Les dépenses consacrées à la prévention des incendies - par l'État et les régions - ont diminué de moitié depuis 2009, selon une étude du quotidien ABC, les réductions les plus importantes ayant été enregistrées dans les régions les plus durement touchées par les flammes cette année.
« Tout a été laissé entre les mains de Dieu », a déclaré Fernández, exprimant une opinion largement partagée par les habitants touchés par les incendies.
« La vie et la mort »
Le procureur espagnol de l'environnement a ordonné aux autorités de vérifier si les municipalités touchées par les incendies de forêt respectaient leur obligation légale d'adopter des plans de prévention.
En Castille-et-León comme en Galice, des manifestants – certains brandissant des pancartes sur lesquelles on pouvait lire « Plus jamais ça » et « Plus de prévention » – sont descendus dans la rue ces derniers jours pour réclamer des mesures plus fortes de la part des autorités locales.
Le chef du gouvernement régional de Castille-et-León, Alfonso Fernandez Mañueco, du Parti populaire, est celui qui fait l'objet de la plus grande surveillance.

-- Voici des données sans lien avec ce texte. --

lemma hom_a_inv: "x \<in> carrier M \<Longrightarrow> \<phi> (\<ominus>\<^bsub>M\<^esub> x) = \<ominus>\<^bsub>R\<^esub> \<phi> x"
  by (metis M.a_inv_closed M.l_neg R.minus_equality hom_add hom_closed hom_zero)

lemma zero_smult: "x \<in> carrier M \<Longrightarrow> \<zero>\<^bsub>R\<^esub> \<odot>\<^bsub>M\<^esub> x = \<zero>\<^bsub>M\<^esub>"
  by (simp add: hom_closed hom_eq_zero_iff hom_smult smult_closed flip: hom_eq_zero_iff)

lemma ideal_image: "ideal (\<phi> ` carrier M) R"
proof (rule idealI)
  show "subgroup (\<phi> ` carrier M) (add_monoid R)"
  proof (rule subgroup.intro)
    show "\<one>\<^bsub>add_monoid R\<^esub> \<in> \<phi> ` carrier M"
      using hom_zero M.zero_closed by (force simp: image_iff)
  qed (auto simp: hom_closed a_inv_def[symmetric] simp flip: hom_add hom_a_inv)
next
  fix a r assume "a \<in> \<phi> ` carrier M" "r \<in> carrier R"
  then show "r \<otimes>\<^bsub>R\<^esub> a \<in> \<phi> ` carrier M" "a \<otimes>\<^bsub>R\<^esub> r \<in> \<phi> ` carrier M"
    by (auto simp: R.m_comm hom_closed simp flip: hom_smult intro: smult_closed)
qed (rule R.ring_axioms)

lemma iso_to_ideal: "iso_to_ideal R M"
  unfolding iso_to_ideal_def
  using ideal_image hom_inj hom_add hom_smult by (blast intro: inj_on_imp_bij_betw)

lemma smult_cross_eq_zero:
  assumes x: "x \<in> carrier M" and y: "y \<in> carrier M"
  shows "\<phi> y \<odot>\<^bsub>M\<^esub> x \<oplus>\<^bsub>M\<^esub> (\<ominus>\<^bsub>R\<^esub> \<phi> x) \<odot>\<^bsub>M\<^esub> y = \<zero>\<^bsub>M\<^esub>"
proof -
  have "\<phi> (\<phi> y \<odot>\<^bsub>M\<^esub> x \<oplus>\<^bsub>M\<^esub> (\<ominus>\<^bsub>R\<^esub> \<phi> x) \<odot>\<^bsub>M\<^esub> y)
      = \<phi> y \<otimes>\<^bsub>R\<^esub> \<phi> x \<oplus>\<^bsub>R\<^esub> (\<ominus>\<^bsub>R\<^esub> \<phi> x) \<otimes>\<^bsub>R\<^esub> \<phi> y"
    using x y by (simp add: hom_add hom_smult hom_closed smult_closed)
  also have "\<dots> = \<zero>\<^bsub>R\<^esub>"
    using x y by (simp add: hom_closed R.l_minus R.m_comm[of "\<phi> y"] R.r_neg)
  finally show ?thesis
    using x y by (simp add: hom_eq_zero_iff hom_closed smult_closed)
qed

lemma lin_indep_card_le_1:
  assumes B: "lin_indep R M B"
  shows "card B \<le> 1"
proof (rule ccontr)
  assume "\<not> card B \<le> 1"
  have B_carrier: "finite B" "B \<subseteq> carrier M"
    using B by (auto simp: lin_indep_def)
  with \<open>\<not> card B \<le> 1\<close> obtain x y where xy: "x \<in> B" "y \<in> B" "x \<noteq> y"
    using card_le_Suc0_iff_eq by (metis One_nat_def)
  have x: "x \<in> carrier M" and y: "y \<in> carrier M"
    using B_carrier xy by auto
  define c where "c z = (if z = x then \<phi> y else if z = y then \<ominus>\<^bsub>R\<^esub> \<phi> x else \<zero>\<^bsub>R\<^esub>)" for z
  have c: "c \<in> B \<rightarrow> carrier R"
    using x y by (auto simp: c_def hom_closed)
  then have "(\<lambda>z. c z \<odot>\<^bsub>M\<^esub> z) \<in> B \<rightarrow> carrier M"
    using B_carrier by (auto intro: smult_closed)
  then have "finsum M (\<lambda>z. c z \<odot>\<^bsub>M\<^esub> z) B = finsum M (\<lambda>z. c z \<odot>\<^bsub>M\<^esub> z) {x, y}"
    using B_carrier xy
    by (intro M.add.finprod_mono_neutral_cong_right) (auto simp: c_def zero_smult)
  also have "\<dots> = \<zero>\<^bsub>M\<^esub>"
    using x y xy(3) smult_cross_eq_zero[OF x y] by (simp add: c_def hom_closed smult_closed)
  finally have "\<forall>z\<in>B. c z = \<zero>\<^bsub>R\<^esub>"
    using B c unfolding lin_indep_def by blast
  then have "\<phi> y = \<zero>\<^bsub>R\<^esub>" and "\<ominus>\<^bsub>R\<^esub> \<phi> x = \<zero>\<^bsub>R\<^esub>"
    using xy by (auto simp: c_def split: if_splits)
  moreover from this(2) have "\<phi> x = \<zero>\<^bsub>R\<^esub>"
    by (metis R.minus_minus R.minus_zero hom_closed x)
  ultimately show False
    using x y xy(3) by (simp add: hom_eq_zero_iff)
qed

lemma lin_indep_singleton:
  assumes "x \<in> carrier M" and "\<And>r. r \<in> carrier R \<Longrightarrow> r \<odot>\<^bsub>M\<^esub> x = \<zero>\<^bsub>M\<^esub> \<Longrightarrow> r = \<zero>\<^bsub>R\<^esub>"
  shows "lin_indep R M {x}"
  using assms by (auto simp: lin_indep_def smult_closed)

lemma module_rank_eq_1:
  assumes "x \<in> carrier M" and "\<And>r. r \<in> carrier R \<Longrightarrow> r \<odot>\<^bsub>M\<^esub> x = \<zero>\<^bsub>M\<^esub> \<Longrightarrow> r = \<zero>\<^bsub>R\<^esub>"
  shows "module_rank R M = 1"
  unfolding module_rank_def
proof (rule Greatest_equality)
  show "\<exists>B. lin_indep R M B \<and> card B = 1"
    using lin_indep_singleton[OF assms] by (intro exI[of _ "{x}"]) simp
qed (use lin_indep_card_le_1 in blast)

end

section \<open>Ideals of a commutative ring\<close>

lemma is_idealD:
  assumes "is_ideal J"
  shows "0 \<in> J" "\<And>x y. x \<in> J \<Longrightarrow> y \<in> J \<Longrightarrow> x + y \<in> J" "\<And>r x. x \<in> J \<Longrightarrow> r * x \<in> J"
  using assms unfolding is_ideal_def by auto

lemma is_ideal_mult_right: "is_ideal J \<Longrightarrow> x \<in> J \<Longrightarrow> x * r \<in> J"
  by (metis is_idealD(3) mult.commute)

lemma is_ideal_uminus: "is_ideal J \<Longrightarrow> x \<in> J \<Longrightarrow> - x \<in> J"
  by (metis is_idealD(3) mult_minus1)

lemma is_ideal_diff: "is_ideal J \<Longrightarrow> x \<in> J \<Longrightarrow> y \<in> J \<Longrightarrow> x - y \<in> J"
  by (metis diff_conv_add_uminus is_ideal_uminus is_idealD(2))

lemma is_ideal_sum: "is_ideal J \<Longrightarrow> (\<And>i. i \<in> S \<Longrightarrow> f i \<in> J) \<Longrightarrow> sum f S \<in> J"
  by (induction S rule: infinite_finite_induct) (auto simp: is_idealD)

lemma is_ideal_mult_preimage: "is_ideal J \<Longrightarrow> is_ideal {a. a * x \<in> J}"
  unfolding is_ideal_def by (auto simp: distrib_right mult.assoc)

lemma is_ideal_ideal_gen: "is_ideal (ideal_gen G)"
  unfolding ideal_gen_def is_ideal_def by auto

lemma ideal_gen_subset: "G \<subseteq> ideal_gen G"
  unfolding ideal_gen_def by auto

lemma ideal_gen_least: "G \<subseteq> J \<Longrightarrow> is_ideal J \<Longrightarrow> ideal_gen G \<subseteq> J"
  unfolding ideal_gen_def by auto

lemma is_ideal_ideal_prod: "is_ideal (ideal_prod A B)"
  unfolding ideal_prod_def by (rule is_ideal_ideal_gen)

lemma ideal_prod_mem: "a \<in> A \<Longrightarrow> b \<in> B \<Longrightarrow> a * b \<in> ideal_prod A B"
  unfolding ideal_prod_def using ideal_gen_subset by fastforce

lemma ideal_prod_least:
  "(\<And>a b. a \<in> A \<Longrightarrow> b \<in> B \<Longrightarrow> a * b \<in> J) \<Longrightarrow> is_ideal J \<Longrightarrow> ideal_prod A B \<subseteq> J"
  unfolding ideal_prod_def by (rule ideal_gen_least) auto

Sous sa direction en 2022, la région a subi des incendies de forêt dévastateurs dans la Sierra de la Culebra qui ont ravagé plus de 65 000 hectares.
Il a défendu la réponse apportée cette année, évoquant des conditions « exceptionnelles », notamment une vague de chaleur intense. Il a nié les informations selon lesquelles des agents inexpérimentés auraient été recrutés de dernière minute pour lutter contre les incendies.
Jorge de Dios, porte-parole du syndicat des agents environnementaux de la région APAMCYL, qui a été en première ligne dans la lutte contre les incendies ces derniers jours, a critiqué les conditions de travail.
La plupart des pompiers de la région «ne travaillent que quatre mois par an», pendant l'été, a-t-il expliqué à l'AFP.
Beaucoup sont des étudiants ou des saisonniers qui participent à « deux, trois, quatre campagnes » avant de partir.
« Nous n'aurons jamais de vétérans », a-t-il déclaré, ajoutant que ce dont nous avions besoin, c'étaient des pompiers expérimentés, capables de gérer « des situations qui sont clairement une question de vie ou de mort ».